The problem is thus: In order for site isolation to work, we need to be
able to run *at least* 100 content processes in an average Firefox session.
Each of those processes has its own base memory overhead—memory we use just
for creating the process, regardless of what's running in it. In the
post-Fission world, that overhead needs to be less than 10MB per process in
order to keep the extra overhead from Fission below 1GB. Right now, on our
best-cast platform, Windows 10, is somewhere between 17 and 21MB. Linux and
OS-X hover between 25 and 35MB. In other words, between 2 and 3.5GB for an
ordinary session.

That means that, in the best case, we need to reduce the memory we use in
content processes by *at least* 7MB. The problem, of course, is that there
are only so many places we can cut memory without losing functionality, and
even fewer places where we can make big wins. But, there are lots of places
we can make small and medium-sized wins.

So, to put the task into perspective, of all of the places we can cut a
certain amount of overhead, here are the number of each that we need to fix
in order to reach 1MB:

250KB:   4
100KB:  10
75KB:   13
50KB:   20
20KB:   50
10KB:  100
5KB:   200

Now remember: we need to do *all* of these in order to reach our goal.
It's not a matter of one 250KB improvement or 50 5KB improvements. It's 4
250KB *and* 200 5KB improvements. There just aren't enough places we can
cut 250KB. If we fall short in any of those areas, Project Fission will
fail, and Firefox will be the only major browser without site isolation.

But it won't fail, because all of you are awesome, and this is a totally
achievable goal if we all throw our effort behind it.

Essentially what this means, though, is that if we identify an area of
overhead that's 50KB[3] or larger that can be eliminated, it *has* to be
eliminated.
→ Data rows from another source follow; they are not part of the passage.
lemma Ffun_lipschitz:
  assumes \<beta>: "admissible_beta_above a \<beta>" and x0: "0 < x0"
  shows "lipschitz_on (enn2real (1 / Kstar \<beta> x0)) {x0..a} (\<lambda>x. enn2real (Ffun \<beta> a x))"
proof -
  define L where "L = enn2real (1 / Kstar \<beta> x0)"
  have L: "1 / Kstar \<beta> x0 = ennreal L"
    using one_divide_Kstar_finite[OF \<beta> x0] by (simp add: L_def ennreal_enn2real)
  have "0 \<le> L" by (simp add: L_def)
  have bound: "\<bar>enn2real (Ffun \<beta> a x) - enn2real (Ffun \<beta> a y)\<bar> \<le> L * (y - x)"
    if xy: "x0 \<le> x" "x \<le> y" "y \<le> a" for x y
  proof -
    have "Fpiece \<beta> x y \<le> ennreal (y - x) * (1 / Kstar \<beta> x0)"
      using Fpiece_upper[of x y \<beta>] xy
      by (meson Kstar_mono ennreal_one_divide_antimono mult_left_mono order_trans zero_le)
    also have "\<dots> = ennreal (L * (y - x))"
      using xy \<open>0 \<le> L\<close> by (simp add: L ennreal_mult mult.commute)
    finally have piece: "Fpiece \<beta> x y \<le> ennreal (L * (y - x))" .
    have "enn2real (Ffun \<beta> a x) = enn2real (Fpiece \<beta> x y) + enn2real (Ffun \<beta> a y)"
      using Ffun_split[of x y a \<beta>] Ffun_finite[OF \<beta>, of y] le_less_trans[OF piece] xy x0
      by (simp add: enn2real_plus)
    moreover have "enn2real (Fpiece \<beta> x y) \<le> L * (y - x)"
      using enn2real_mono[OF piece] xy by (simp add: L_def)
    ultimately show ?thesis by simp
  qed
  show ?thesis
    unfolding L_def[symmetric]
  proof (rule lipschitz_onI)
    fix x y assume "x \<in> {x0..a}" "y \<in> {x0..a}"
    then show "dist (enn2real (Ffun \<beta> a x)) (enn2real (Ffun \<beta> a y)) \<le> L * dist x y"
      using bound[of x y] bound[of y x] by (cases "x \<le> y") (auto simp: dist_real_def abs_minus_commute)
  qed (simp add: L_def)
qed

lemma Ffun_dyadic_lower:
  assumes \<beta>: "admissible_beta_above a \<beta>"
  shows "ennreal (real k / 4) \<le> Ffun \<beta> a (a / 2 ^ k)"
proof (induction k)
  case (Suc k)
  have "a > 0" using \<beta> by (simp add: admissible_beta_above_def)
  define x where "x = a / 2 ^ Suc k"
  have x: "0 < x" "2 * x = a / 2 ^ k" "2 * x \<le> a"
    using \<open>a > 0\<close> by (auto simp: x_def field_simps)
  have "ennreal (1 / 4) = ennreal x * (1 / ennreal (4 * x))"
    using x divide_ennreal[of 1 "4 * x"] by (simp flip: ennreal_1 ennreal_mult)
  also have "\<dots> \<le> ennreal x * (1 / Kstar \<beta> (2 * x))"
  proof -
    have "Kstar \<beta> (2 * x) \<le> ennreal (4 * x)"
      using Kstar_le_double[OF \<beta>, of "2 * x"] x(1,3) by simp
    then show ?thesis by (intro mult_left_mono ennreal_one_divide_antimono) auto
  qed
  also have "\<dots> \<le> Fpiece \<beta> x (2 * x)"
    using Fpiece_lower[of x "2 * x" \<beta>] x(1) by simp
  finally have piece: "ennreal (1 / 4) \<le> Fpiece \<beta> x (2 * x)" .
  have "ennreal (real (Suc k) / 4) = ennreal (1 / 4) + ennreal (real k / 4)"
    by (simp add: ennreal_plus[symmetric] field_simps del: ennreal_plus)
  also have "\<dots> \<le> Fpiece \<beta> x (2 * x) + Ffun \<beta> a (2 * x)"
    using piece Suc.IH x by (intro add_mono) auto
  also have "\<dots> = Ffun \<beta> a x" using Ffun_split[of x "2 * x" a \<beta>] x by simp
  finally show ?case by (simp add: x_def)
qed simp

lemma Ffun_surj:
  assumes \<beta>: "admissible_beta_above a \<beta>" and t: "0 \<le> t"
  obtains x where "x \<in> {0<..a}" "Ffun \<beta> a x = ennreal t"
proof -
  have "a > 0" using \<beta> by (simp add: admissible_beta_above_def)
  define k where "k = nat \<lceil>4 * t\<rceil>"
  define x0 where "x0 = a / 2 ^ k"
  have x0: "0 < x0" "x0 \<le> a" using \<open>a > 0\<close> by (auto simp: x0_def field_simps)
  have "t \<le> real k / 4" unfolding k_def by linarith
  then have "ennreal t \<le> Ffun \<beta> a x0"
    using Ffun_dyadic_lower[OF \<beta>, of k] unfolding x0_def by (meson ennreal_leI order_trans)
  have "t \<le> enn2real (Ffun \<beta> a x0)"
    using enn2real_mono[OF \<open>ennreal t \<le> Ffun \<beta> a x0\<close> Ffun_finite[OF \<beta> x0]] t by simp
  then obtain x where x: "x0 \<le> x" "x \<le> a" "enn2real (Ffun \<beta> a x) = t"
    using IVT2'[of "\<lambda>x. enn2real (Ffun \<beta> a x)" a t x0] x0 t
      lipschitz_on_continuous_on[OF Ffun_lipschitz[OF \<beta> x0(1)]]
    by auto
  then have "Ffun \<beta> a x = ennreal t"
    using Ffun_finite[OF \<beta>, of x] x0 by (metis ennreal_enn2real less_le_trans)
  then show ?thesis using x x0 by (intro that[of x]) auto
qed

lemma Finv_eqI:
  assumes \<beta>: "admissible_beta_above a \<beta>" and x: "x \<in> {0<..a}" "Ffun \<beta> a x = ennreal t"
  shows "Finv \<beta> a t = x"
  unfolding Finv_def
proof (rule the_equality)
  fix y assume "y \<in> {0<..a} \<and> Ffun \<beta> a y = ennreal t"
  then show "y = x"
    using Ffun_le_Ffun_iff[OF \<beta>, of x y] Ffun_le_Ffun_iff[OF \<beta>, of y x] x by auto
qed (use x in simp)

lemma Finv_mem: "admissible_beta_above a \<beta> \<Longrightarrow> 0 \<le> t \<Longrightarrow> Finv \<beta> a t \<in> {0<..a}"
  by (metis Ffun_surj Finv_eqI)

lemma Ffun_Finv: "admissible_beta_above a \<beta> \<Longrightarrow> 0 \<le> t \<Longrightarrow> Ffun \<beta> a (Finv \<beta> a t) = ennreal t"
  by (metis Ffun_surj Finv_eqI)

lemma Finv_le_iff:
  assumes \<beta>: "admissible_beta_above a \<beta>" and t: "0 \<le> t" and x: "x \<in> {0<..a}"
  shows "Finv \<beta> a t \<le> x \<longleftrightarrow> Ffun \<beta> a x \<le> ennreal t"
  using Ffun_le_Ffun_iff[OF \<beta> x Finv_mem[OF \<beta> t]] by (simp add: Ffun_Finv[OF \<beta> t])

lemma Finv_less_iff:
  assumes \<beta>: "admissible_beta_above a \<beta>" and t: "0 \<le> t" and x: "x \<in> {0<..a}"
  shows "Finv \<beta> a t < x \<longleftrightarrow> Ffun \<beta> a x < ennreal t"
  using Ffun_less_Ffun_iff[OF \<beta> x Finv_mem[OF \<beta> t]] by (simp add: Ffun_Finv[OF \<beta> t])

lemma Finv_antimono:
  assumes \<beta>: "admissible_beta_above a \<beta>" and t: "0 \<le> t" "t \<le> t'"
  shows "Finv \<beta> a t' \<le> Finv \<beta> a t"
  using Finv_le_iff[OF \<beta> _ Finv_mem[OF \<beta> t(1)], of t'] t
  by (simp add: Ffun_Finv[OF \<beta> t(1)])

lemma Ffun_mono_beta: "(\<And>s. s > 0 \<Longrightarrow> \<beta> s \<le> \<beta>' s) \<Longrightarrow> Ffun \<beta> a x \<le> Ffun \<beta>' a x"
  unfolding Ffun_def
  by (intro nn_integral_mono mult_right_mono ennreal_one_divide_antimono Kstar_antimono_beta) auto

lemma Finv_mono_beta:
  assumes \<beta>: "admissible_beta_above a \<beta>" and \<beta>': "admissible_beta_above a \<beta>'"
    and le: "\<And>s. s > 0 \<Longrightarrow> \<beta> s \<le> \<beta>' s" and t: "0 \<le> t"
  shows "Finv \<beta> a t \<le> Finv \<beta>' a t"
  using Finv_le_iff[OF \<beta> t Finv_mem[OF \<beta>' t]] Ffun_mono_beta[of \<beta> \<beta>' a "Finv \<beta>' a t", OF le]
  by (simp add: Ffun_Finv[OF \<beta>' t])

lemma Finv_tendsto_zero:
  assumes \<beta>: "admissible_beta_above a \<beta>"
  shows "(Finv \<beta> a \<longlongrightarrow> 0) at_top"
proof (rule order_tendstoI)
  fix c :: real assume "c < 0"
  show "\<forall>\<^sub>F t in at_top. c < Finv \<beta> a t"
    using eventually_ge_at_top[of 0]
    by eventually_elim (use Finv_mem[OF \<beta>] \<open>c < 0\<close> in force)
next
  fix \<epsilon> :: real assume "0 < \<epsilon>"
  define x0 where "x0 = min (\<epsilon> / 2) a"
  have x0: "x0 \<in> {0<..a}" "x0 < \<epsilon>"
    using \<beta> \<open>0 < \<epsilon>\<close> by (auto simp: x0_def admissible_beta_above_def)
  have F: "Ffun \<beta> a x0 = ennreal (enn2real (Ffun \<beta> a x0))"
    using Ffun_finite[OF \<beta>] x0 by (simp add: ennreal_enn2real)
  show "\<forall>\<^sub>F t in at_top. Finv \<beta> a t < \<epsilon>"
    using eventually_ge_at_top[of "enn2real (Ffun \<beta> a x0)"]
  proof eventually_elim
    case (elim t)
    then have t: "0 \<le> t" "enn2real (Ffun \<beta> a x0) \<le> t"
      using enn2real_nonneg[of "Ffun \<beta> a x0"] by linarith+
    then have "Ffun \<beta> a x0 \<le> ennreal t" by (subst F) (rule ennreal_leI)
    then have "Finv \<beta> a t \<le> x0" using Finv_le_iff[OF \<beta> t(1) x0(1)] by simp
    then show ?case using x0 by simp
  qed
qed

lemma Kstar_tendsto:
  fixes \<beta>' :: "'i \<Rightarrow> real \<Rightarrow> real"
  assumes le: "\<forall>\<^sub>F i in F. \<forall>s>0. \<beta> s \<le> \<beta>' i s"
    and lim: "\<And>s. s > 0 \<Longrightarrow> ((\<lambda>i. \<beta>' i s) \<longlongrightarrow> \<beta> s) F"
  shows "((\<lambda>i. Kstar (\<beta>' i) v) \<longlongrightarrow> Kstar \<beta> v) F"
proof (rule order_tendstoI)
  fix c assume c: "Kstar \<beta> v < c"
  from le show "\<forall>\<^sub>F i in F. Kstar (\<beta>' i) v < c"
    by eventually_elim (metis Kstar_antimono_beta le_less_trans c)
next
  fix c assume "c < Kstar \<beta> v"
  then obtain u where u: "u \<ge> 0" "c < ennreal (u * v - Kfun \<beta> u)"
    unfolding Kstar_def by (auto simp: less_SUP_iff)
  then have "u > 0" by (cases "u = 0") (auto simp: Kfun_def)
  have "((\<lambda>i. ennreal (u * v - u * \<beta>' i (1 / u))) \<longlongrightarrow> ennreal (u * v - u * \<beta> (1 / u))) F"
    using \<open>u > 0\<close> by (intro tendsto_ennrealI tendsto_intros lim) auto
  moreover have "c < ennreal (u * v - u * \<beta> (1 / u))"
    using u \<open>u > 0\<close> by (simp add: Kfun_def)
  ultimately have "\<forall>\<^sub>F i in F. c < ennreal (u * v - u * \<beta>' i (1 / u))"
    by (rule order_tendstoD(1))
  then show "\<forall>\<^sub>F i in F. c < Kstar (\<beta>' i) v"
  proof eventually_elim
    case (elim i)
    also have "ennreal (u * v - u * \<beta>' i (1 / u)) \<le> Kstar (\<beta>' i) v"
      unfolding Kstar_def using \<open>u > 0\<close> by (intro SUP_upper2[of u]) (auto simp: Kfun_def)
    finally show ?case .
  qed
qed

lemma Ffun_tendsto_sequentially:
  assumes K: "\<And>v. (\<lambda>n. Kstar (B n) v) \<longlonglongrightarrow> Kstar \<beta> v"
    and c: "0 < c" "\<And>n. ennreal c \<le> Kstar (B n) x"
  shows "(\<lambda>n. Ffun (B n) a x) \<longlonglongrightarrow> Ffun \<beta> a x"
  unfolding Ffun_def
proof (rule nn_integral_dominated_convergence[where w = "\<lambda>v. ennreal (1 / c) * indicator {x..a} v"])
  have "1 / Kstar (B n) v \<le> ennreal (1 / c)" if "x \<le> v" for n v
  proof -
    have "1 / Kstar (B n) v \<le> 1 / ennreal c"
      using that c(2)[of n] by (meson Kstar_mono ennreal_one_divide_antimono order_trans)
    then show ?thesis
      using c(1) divide_ennreal[of 1 c] by (simp flip: ennreal_1)
  qed
  then show "AE v in lborel. 1 / Kstar (B n) v * indicator {x..a} v
              \<le> ennreal (1 / c) * indicator {x..a} v" for n
    by (intro AE_I2) (simp add: indicator_def)
  show "(\<integral>\<^sup>+ v. ennreal (1 / c) * indicator {x..a} v \<partial>lborel) < \<infinity>"
    by (cases "x \<le> a") (simp_all add: nn_integral_cmult_indicator ennreal_mult_less_top)
  show "AE v in lborel. (\<lambda>n. 1 / Kstar (B n) v * indicator {x..a} v)
          \<longlonglongrightarrow> 1 / Kstar \<beta> v * indicator {x..a} v"
  proof (rule AE_I2)
    fix v
    have "(\<lambda>n. inverse (Kstar (B n) v)) \<longlonglongrightarrow> inverse (Kstar \<beta> v)"
      using continuous_on_tendsto_compose[OF continuous_on_inverse_ennreal[OF continuous_on_id[of UNIV]]
          K[of v]] by simp
    then show "(\<lambda>n. 1 / Kstar (B n) v * indicator {x..a} v) \<longlonglongrightarrow> 1 / Kstar \<beta> v * indicator {x..a} v"
      by (cases "v \<in> {x..a}") (auto simp: divide_ennreal_def)
  qed
qed (use borel_measurable_one_divide_Kstar in auto)

lemma Ffun_tendsto:
  fixes \<beta>' :: "real \<Rightarrow> real \<Rightarrow> real"
  assumes \<beta>: "(\<beta> \<longlongrightarrow> 0) at_top"
    and le: "\<And>\<iota> s. \<iota> > 0 \<Longrightarrow> s > 0 \<Longrightarrow> \<beta> s \<le> \<beta>' \<iota> s"
    and lim: "\<And>s. s > 0 \<Longrightarrow> ((\<lambda>\<iota>. \<beta>' \<iota> s) \<longlongrightarrow> \<beta> s) (at_right 0)"
    and x: "0 < x"
  shows "((\<lambda>\<iota>. Ffun (\<beta>' \<iota>) a x) \<longlongrightarrow> Ffun \<beta> a x) (at_right 0)"
proof -
  have "\<forall>\<^sub>F \<iota> in at_right 0. \<forall>s>0. \<beta> s \<le> \<beta>' \<iota> s"
    using eventually_at_right_less[of 0] by eventually_elim (use le in auto)
  note Kstar_lim = Kstar_tendsto[OF this lim]
  obtain y where "0 < y" "y < Kstar \<beta> x" using dense[OF Kstar_pos[OF \<beta> x]] by blast
  then obtain c where c: "0 < c" "ennreal c < Kstar \<beta> x" by (cases y) auto
  obtain \<delta> where \<delta>: "\<delta> > 0" "\<And>\<iota>. 0 < \<iota> \<Longrightarrow> \<iota> < \<delta> \<Longrightarrow> ennreal c < Kstar (\<beta>' \<iota>) x"
    using order_tendstoD(1)[OF Kstar_lim[of x] c(2)] unfolding eventually_at_right_field by auto
  show ?thesis
  proof (rule tendsto_at_right_sequentially[OF \<delta>(1)])
    fix S :: "nat \<Rightarrow> real" assume S: "\<And>n. 0 < S n" "\<And>n. S n < \<delta>" "S \<longlonglongrightarrow> 0"
    then have "filterlim S (at_right 0) sequentially"
      by (intro tendsto_imp_filterlim_at_right) auto
    then show "(\<lambda>n. Ffun (\<beta>' (S n)) a x) \<longlonglongrightarrow> Ffun \<beta> a x"
      using \<delta>(2)[OF S(1,2)] c(1)
      by (intro Ffun_tendsto_sequentially filterlim_compose[OF Kstar_lim]) (auto intro: less_imp_le)
  qed
qed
There just aren't that many large chunks to remove. They all
need to go. And if an area of code has a dozen 5KB chunks that can be
eliminated, maybe they don't all have to go, but at least half of them do.
The more the better.


To help us triage these issues, we have a tracking bug (
https://bugzil.la/memshrink-content), and a per-bug whiteboard tag
([overhead:...]) which gives an estimate of how much per-process overhead
we believe fixing that bug would eliminate. Please feel free to add
blockers to the tracking bug if you think they're relevant, and to add or
update [overhead] tags if you have reasonable estimates.


With all of that said, here's a brief update of the progress we've made
so far:

In the past month, unique memory per process[4] has dropped 3-4MB[5], and
JS memory usage in particular has dropped 1.1-1.9MB.

Particular credit goes to:

* Eric Rahm added an AWSY test suite to track base content process memory
   (https://bugzil.la/1442361). Results:

    Resident unique: https://treeherder.mozilla.org
/perf.html#/graphs?series=mozilla-central,1684862,1,4&series
=mozilla-central,1684846,1,4&series=mozilla-central,
1685133,1,4&series=mozilla-central,1685127,1,4
    Explicit allocations: https://treeherder.mozilla.org
/perf.html#/graphs?series=mozilla-inbound,1706218,1,4&series
=mozilla-inbound,1706220,1,4&series=mozilla-inbound,1706216,1,4
    JS: https://treeherder.mozilla.org/perf.html#/graphs?series=mozi
lla-central,1684866,1,4&series=mozilla-central,1685137,1,4&
series=mozilla-central,1685131,1,4

* Andrew McCreight created a tool for tracking JS memory usage, and
figuring
   out which scripts and objects are responsible for how much of it
   (https://bugzil.la/1463569).

* Andrew and Nika Layzell also completely rewrote the way we handle XPIDL
type
   info so that it's statically compiled into the executable and shared
between
   all processes (https://bugzil.la/1438688, https://bugzil.la/1444745).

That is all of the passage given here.